Last Thursday, I am happy. I always thought that I'm alone and there's no one to protect me or side with me. It's like I'm always open to damages without any gears to protect me. But I am wrong, my former adviser for 2 years and my current adviser, Sr. Carl and Sr. Alex are the people that enlighted the burden. I thought that they are just teachers but I am really thankful that people like them are existing. They understand my point and will encourage me to just continue and prove all of them WRONG. They are people who would make the days on earth fair and serene. I am lucky that they are just there, I can always go to them and ask for their help because they're comfortable to be with and they are kind.

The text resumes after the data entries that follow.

text \<open>Binary, most significant bit first, digit 0 as symbol 1, digit 1 as symbol 2.\<close>
fun bin :: "nat \<Rightarrow> nat list" where
  "bin n = (if n < 2 then [n + 1] else bin (n div 2) @ [n mod 2 + 1])"

fun op_sym :: "op \<Rightarrow> nat" where
  "op_sym Add = 4" | "op_sym Sub = 5" | "op_sym Mul = 6"

definition enc_instr :: "op \<times> nat \<times> nat \<Rightarrow> nat list" where
  "enc_instr x = (case x of (oo, j, k) \<Rightarrow> [op_sym oo] @ bin j @ [3] @ bin k @ [3])"

definition enc_slp :: "slp \<Rightarrow> nat list" where
  "enc_slp P = concat (map enc_instr P)"

definition sigma :: "nat set" where
  "sigma = {1..6}"

definition words :: "nat list set" where
  "words = {w. set w \<subseteq> sigma}"

definition EquSLP :: "nat list set" where
  "EquSLP = {w. \<exists>P. slp_valid P \<and> w = enc_slp P \<and> slp_value P = 0}"

definition sum_two_squares :: "int \<Rightarrow> bool" where
  "sum_two_squares N \<longleftrightarrow> (\<exists>a b :: int. N = a^2 + b^2)"

definition TwoSoSSLP :: "nat list set" where
  "TwoSoSSLP = {w. \<exists>P. slp_valid P \<and> w = enc_slp P \<and> sum_two_squares (slp_value P)}"

datatype dir = Lft | Rgt | Stay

Another person, which is my super best friend, Kriselle, made me smile that day. It's not regarding the school thing but about last week when I am so emo and stuff. She gave me a lot of light. At least I know that I am not that barren and helpless. The way she replied to my post gave me a smack on the head. I never knew those things about me and I am just happy that these days, there are still people who can say overwhelming, good things on you. There are people you are giving light to. There's someone who can enjoy your presence and there are people who can really lift your spirits up.

Last Friday, my friends are protecting me against this new scary stalker in school. Kelvin is giving him lessons and I think, even pranking him. Sian and Justin would serve as my bouncers to keep me away from that person.

I feel so blessed that there are at least 3 people who can understand and protect you from the worst things. Thank you so much Sr. Carl, Sr. Alex and Kriselle. And I also feel blessed to have friends who can support you everytime. Thank you classmates! I feel stronger because of them, I feel protected and I feel that I'm not alone. Even though there's a few of them, I am fine with that. I don't need people who will want to have a weak bond with me. I will not fail them, I will stand up and soar high to make them see that all their support and protection is not worthless. I hope that I would accomplish that flawlessly for the rest of my lives because I can't afford to lose important people to me.